DOS (O TRES) VECES BUENO





   Hoy no me remonto a los romanos ni me pongo a buscar mil antecedentes, hoy no toca rememorar experiencias resucitadas/reavivadas/puestas al día gracias a la lectura, puesto que, por así decirlo, vienen de fábrica con el volumen que acabo de cerrar hace apenas una hora, se mantiene muy vivo y presente el recuerdo de tantas horas de felicidad y jolgorio (nunca desaparecidas del todo por más que, por razones lógicas, fueron disminuyendo con el paso del tiempo) asociadas a los tebeos y libros de la editorial Bruguera; ya sé que muchos contarán la parte negativa, el ocaso de la empresa, los contratos draconianos (y puede que me quede corto) que sometían a los creadores y hasta les despojaba de la paternidad de sus criaturas, la mala gestión, lo que se quiera decir y puede ser demostrado, pero no es eso lo que ahora me interesa (ni lo niego ni lo oculto, bien se ve, pero permítanme que me quede sólo con lo bueno), puesto que es el momento de celebrar como merece la oportunidad de recuperar/descubrir/regresar a los tebeos a los que tanto debemos (hablo por mí, pero me consta que son sentimientos y agradecimientos compartidos con muchos y muchas, de generaciones muy diferentes además).

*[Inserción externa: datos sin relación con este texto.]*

text \<open>\<open>twist\<^sub>a\<close> is an algebra endomorphism, because \<open>\<langle>a,\<cdot>\<rangle>\<close> is additive on the letters.\<close>
lemma twist_qsh:
  assumes "q \<noteq> 0"
  shows "twist q a (qsh q f g) = qsh q (twist q a f) (twist q a g)"
proof
  fix w
  show "twist q a (qsh q f g) w = qsh q (twist q a f) (twist q a g) w"
  proof (induction w arbitrary: f g)
    case Nil
    then show ?case by (simp add: qsh.simps twist_def)
  next
    case (Cons b w)
    have IH: "qsh q (twist q a f') (twist q a g') w = q powi (2 * bar a * height w) * qsh q f' g' w"
      for f' g' using Cons[of f' g'] by (simp add: twist_def)
    have "qsh q (twist q a f) (twist q a g) (b # w)
        = q powi (2 * bar a * bar b) * qsh q (twist q a (lder b f)) (twist q a g) w
          + q powi (2 * bar a * bar b) * qsh q (twist q a (twist q b f)) (twist q a (lder b g)) w"
      using assms by (simp add: qsh.simps lder_twist twist_twist qsh_scale_left qsh_scale_right)
    also have "\<dots> = q powi (2 * bar a * bar b) * q powi (2 * bar a * height w) *
        (qsh q (lder b f) g w + qsh q (twist q b f) (lder b g) w)"
      by (simp add: IH algebra_simps)
    also have "\<dots> = twist q a (qsh q f g) (b # w)"
      using assms by (simp add: twist_def qsh.simps distrib_left power_int_add)
    finally show ?case ..
  qed
qed

lemma lder_qsh: "lder a (qsh q f g) = (\<lambda>w. qsh q (lder a f) g w + qsh q (twist q a f) (lder a g) w)"
  by (simp add: lder_def qsh.simps)

lemma qsh_assoc:
  assumes "q \<noteq> 0"
  shows "qsh q (qsh q f g) h = qsh q f (qsh q g h)"
proof
  fix w
  show "qsh q (qsh q f g) h w = qsh q f (qsh q g h) w"
  proof (induction w arbitrary: f g h)
    case Nil
    then show ?case by (simp add: qsh.simps)
  next
    case (Cons a w)
    have "qsh q (qsh q f g) h (a # w)
        = qsh q (qsh q (lder a f) g) h w + qsh q (qsh q (twist q a f) (lder a g)) h w
          + qsh q (qsh q (twist q a f) (twist q a g)) (lder a h) w"
      using assms by (simp add: qsh.simps lder_qsh qsh_add_left twist_qsh)
    also have "\<dots> = qsh q (lder a f) (qsh q g h) w + qsh q (twist q a f) (qsh q (lder a g) h) w
        + qsh q (twist q a f) (qsh q (twist q a g) (lder a h)) w"
      by (simp add: Cons)
    also have "\<dots> = qsh q f (qsh q g h) (a # w)"
      by (simp add: qsh.simps lder_qsh qsh_add_right)
    finally show ?case .
  qed
qed

lemma qsh_cong_short:
  assumes "\<And>u. length u \<le> length w \<Longrightarrow> f u = f' u"
    and "\<And>u. length u \<le> length w \<Longrightarrow> g u = g' u"
  shows "qsh q f g w = qsh q f' g' w"
  using assms
proof (induction w arbitrary: f f' g g')
  case Nil
  then show ?case by (simp add: qsh.simps)
next
  case (Cons a w)
  have "qsh q (lder a f) g w = qsh q (lder a f') g' w"
    "qsh q (twist q a f) (lder a g) w = qsh q (twist q a f') (lder a g') w"
    by (rule Cons.IH; simp add: Cons.prems lder_def twist_def)+
  then show ?case by (simp add: qsh.simps)
qed

section \<open>The words \<open>G\<^sub>k\<close> commute\<close>

text \<open>Integer-indexed versions of \<open>G\<^sub>k = (xy)\<^sup>k\<close> and of \<open>W\<^sub>k = \<partial>\<^sub>x G\<^sub>k = y(xy)\<^sup>k\<^sup>-\<^sup>1\<close>,
  vanishing for out-of-range indices so that the derivative rules hold uniformly.\<close>
definition Gint :: "int \<Rightarrow> 'a::field vec" where
  "Gint j = (if j < 0 then (\<lambda>_. 0) else Gt (nat j))"

definition Wint :: "int \<Rightarrow> 'a::field vec" where
  "Wint j = (if j < 1 then (\<lambda>_. 0) else basis (Y # concat (replicate (nat (j - 1)) [X, Y])))"

lemma height_xy_power [simp]: "height (concat (replicate k [X, Y])) = 0"
  by (induction k) simp_all

lemma lder_Gint_X [simp]: "lder X (Gint j) = Wint j"
proof (cases "j \<ge> 1")
  case True
  then have "nat j = Suc (nat (j - 1))" by simp
  with True show ?thesis by (simp add: Gint_def Wint_def Gt_def lder_basis)
qed (cases "j = 0"; auto simp: Gint_def Wint_def Gt_def lder_basis)

lemma lder_Gint_Y [simp]: "lder Y (Gint j) = (\<lambda>_. 0)"
proof (cases "j \<ge> 1")
  case True
  then have "nat j = Suc (nat (j - 1))" by simp
  with True show ?thesis by (simp add: Gint_def Gt_def lder_basis)
qed (cases "j = 0"; auto simp: Gint_def Gt_def lder_basis)

lemma lder_Wint_X [simp]: "lder X (Wint j) = (\<lambda>_. 0)"
  by (auto simp: Wint_def lder_basis)

lemma lder_Wint_Y [simp]: "lder Y (Wint j) = Gint (j - 1)"
  by (auto simp: Wint_def Gint_def Gt_def lder_basis)

lemma twist_Gint [simp]: "twist q a (Gint j) = Gint j"
  by (auto simp: twist_def Gint_def Gt_def basis_def fun_eq_iff)

lemma twist_Wint: "twist q a (Wint j) = (\<lambda>w. q powi (- 2 * bar a) * Wint j w)"
  by (auto simp: twist_def Wint_def basis_def fun_eq_iff)

lemma Gint_Nil: "Gint j [] = (if j = 0 then 1 else 0)"
  by (auto simp: Gint_def Gt_def basis_def)

lemma Wint_Nil [simp]: "Wint j [] = 0"
  by (auto simp: Wint_def basis_def)

context
  fixes q :: "'a::field"
  assumes q_nonzero: "q \<noteq> 0"
begin

text \<open>Under \<open>\<partial>\<^sub>x\<close> and \<open>\<partial>\<^sub>y\<close> the following four families of products map into each
  other, and each rule is symmetric in \<open>j, k\<close>.\<close>
definition GG :: "int \<Rightarrow> int \<Rightarrow> 'a vec" where
  "GG j k = qsh q (Gint j) (Gint k)"

definition WG :: "int \<Rightarrow> int \<Rightarrow> 'a vec" where
  "WG j k = (\<lambda>w. qsh q (Wint j) (Gint k) w + qsh q (Gint j) (Wint k) w)"

definition GW :: "int \<Rightarrow> int \<Rightarrow> 'a vec" where
  "GW j k = (\<lambda>w. qsh q (Gint (j - 1)) (Wint k) w + q powi 2 * qsh q (Wint j) (Gint (k - 1)) w)"

definition WW :: "int \<Rightarrow> int \<Rightarrow> 'a vec" where
  "WW j k = qsh q (Wint j) (Wint k)"

lemma GG_Cons: "GG j k (X # w) = WG j k w" "GG j k (Y # w) = 0"
  by (simp_all add: GG_def WG_def qsh.simps)

lemma WG_Cons:
  "WG j k (X # w) = (q powi (-2) + 1) * WW j k w"
  "WG j k (Y # w) = GG (j - 1) k w + GG j (k - 1) w"
  by (simp_all add: WG_def WW_def GG_def qsh.simps twist_Wint qsh_scale_left)
     (simp_all add: algebra_simps)

lemma GW_Cons:
  "GW j k (X # w) = WW (j - 1) k w + WW j (k - 1) w"
  "GW j k (Y # w) = (1 + q powi 2) * GG (j - 1) (k - 1) w"
  using q_nonzero
  by (simp_all add: GW_def WW_def GG_def qsh.simps twist_Wint qsh_scale_left)
     (simp_all add: algebra_simps power_int_minus)

lemma WW_Cons: "WW j k (X # w) = 0" "WW j k (Y # w) = GW j k w"
  by (simp_all add: WW_def GW_def qsh.simps twist_Wint qsh_scale_left)

lemma products_symmetric:
  "GG j k w = GG k j w \<and> WG j k w = WG k j w \<and> GW j k w = GW k j w \<and> WW j k w = WW k j w"
proof (induction w arbitrary: j k)
  case Nil
  show ?case by (simp add: GG_def WG_def GW_def WW_def qsh.simps Gint_Nil)
next
  case (Cons a w)
  then show ?case
    by (cases a) (simp_all add: GG_Cons WG_Cons GW_Cons WW_Cons add.commute)
qed

lemma Gt_commute: "qsh q (Gt i) (Gt j) = qsh q (Gt j) (Gt i)"
  using products_symmetric[of "int i" "int j"] by (auto simp: GG_def Gint_def)

end

section \<open>The generating-function identity\<close>

text \<open>\<open>path_series q h\<close> is supported on lattice paths from height \<open>h\<close> down to \<open>0\<close>;
  for \<open>h = 0\<close> it is \<open>\<Sum>\<^sub>n C\<^sub>n\<close> (lemma \<open>Cn_eq_path_series\<close>).\<close>
fun path_weight :: "'a::field \<Rightarrow> int \<Rightarrow> letter list \<Rightarrow> 'a" where
  "path_weight q h [] = 1"
| "path_weight q h (c # w) = qint q (1 + h + bar c) * path_weight q (h + bar c) w"

definition path_series :: "'a::field \<Rightarrow> int \<Rightarrow> 'a vec" where
  "path_series q h = (\<lambda>w. if h + height w = 0 then path_weight q h w else 0)"

fun zweight :: "'a::field \<Rightarrow> int \<Rightarrow> letter list \<Rightarrow> 'a" where
  "zweight q r [] = 1"
| "zweight q r (c # w) = q * qint q r * zweight q (r + bar c) w"

definition zseries :: "'a::field \<Rightarrow> int \<Rightarrow> 'a vec" where
  "zseries q r = (\<lambda>w. if r + height w = 0 then zweight q r w else 0)"

text \<open>\<open>gseries \<alpha> = \<Sum>\<^sub>k \<alpha>\<^sup>k G\<^sub>k\<close> and \<open>wseries \<alpha> = \<partial>\<^sub>x (gseries \<alpha>)\<close>.\<close>
fun gseries :: "'a::field \<Rightarrow> letter list \<Rightarrow> 'a" and wseries :: "'a::field \<Rightarrow> letter list \<Rightarrow> 'a" where
  "gseries \<alpha> [] = 1"
| "gseries \<alpha> (X # w) = wseries \<alpha> w"
| "gseries \<alpha> (Y # w) = 0"
| "wseries \<alpha> [] = 0"
| "wseries \<alpha> (X # w) = 0"
| "wseries \<alpha> (Y # w) = \<alpha> * gseries \<alpha> w"

lemma qint_zero [simp]: "qint q 0 = 0"
  by (simp add: qint_def)

lemma lder_path_series:
  "lder X (path_series q h) = (\<lambda>w. qint q (h + 2) * path_series q (h + 1) w)"
  "lder Y (path_series q h) = (\<lambda>w. qint q h * path_series q (h - 1) w)"
  by (auto simp: lder_def path_series_def fun_eq_iff algebra_simps)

Y aunque ese catálogo no se había perdido del todo gracias a diferentes ediciones (a veces poco cuidadas en lo que a contenido y/o tratamiento del material se refiere, se apelaba sin disimulos a la nostalgia y el entusiasmo de los lectores utilizando -más o menos arteramente o sin responder a la realidad- los nombres de autores y personajes míticos), resulta emocionante volver a tener entre las manos un Súper Humor en el que, como puede comprobarse en la foto que encabeza este texto, aparece el famosísimo logotipo del gato negro, nombre original de la editorial cuando fue fundada en 1910 por Juan Bruguera y que mantendría hasta que en 1939 -él había fallecido seis años antes- sus hijos y herederos decidieron homenajearle llamando a la empresa con el apellido familiar, el mismo que aparece junto a la palabra “clásica” en la contraportada (instantánea que reservo para Instagram).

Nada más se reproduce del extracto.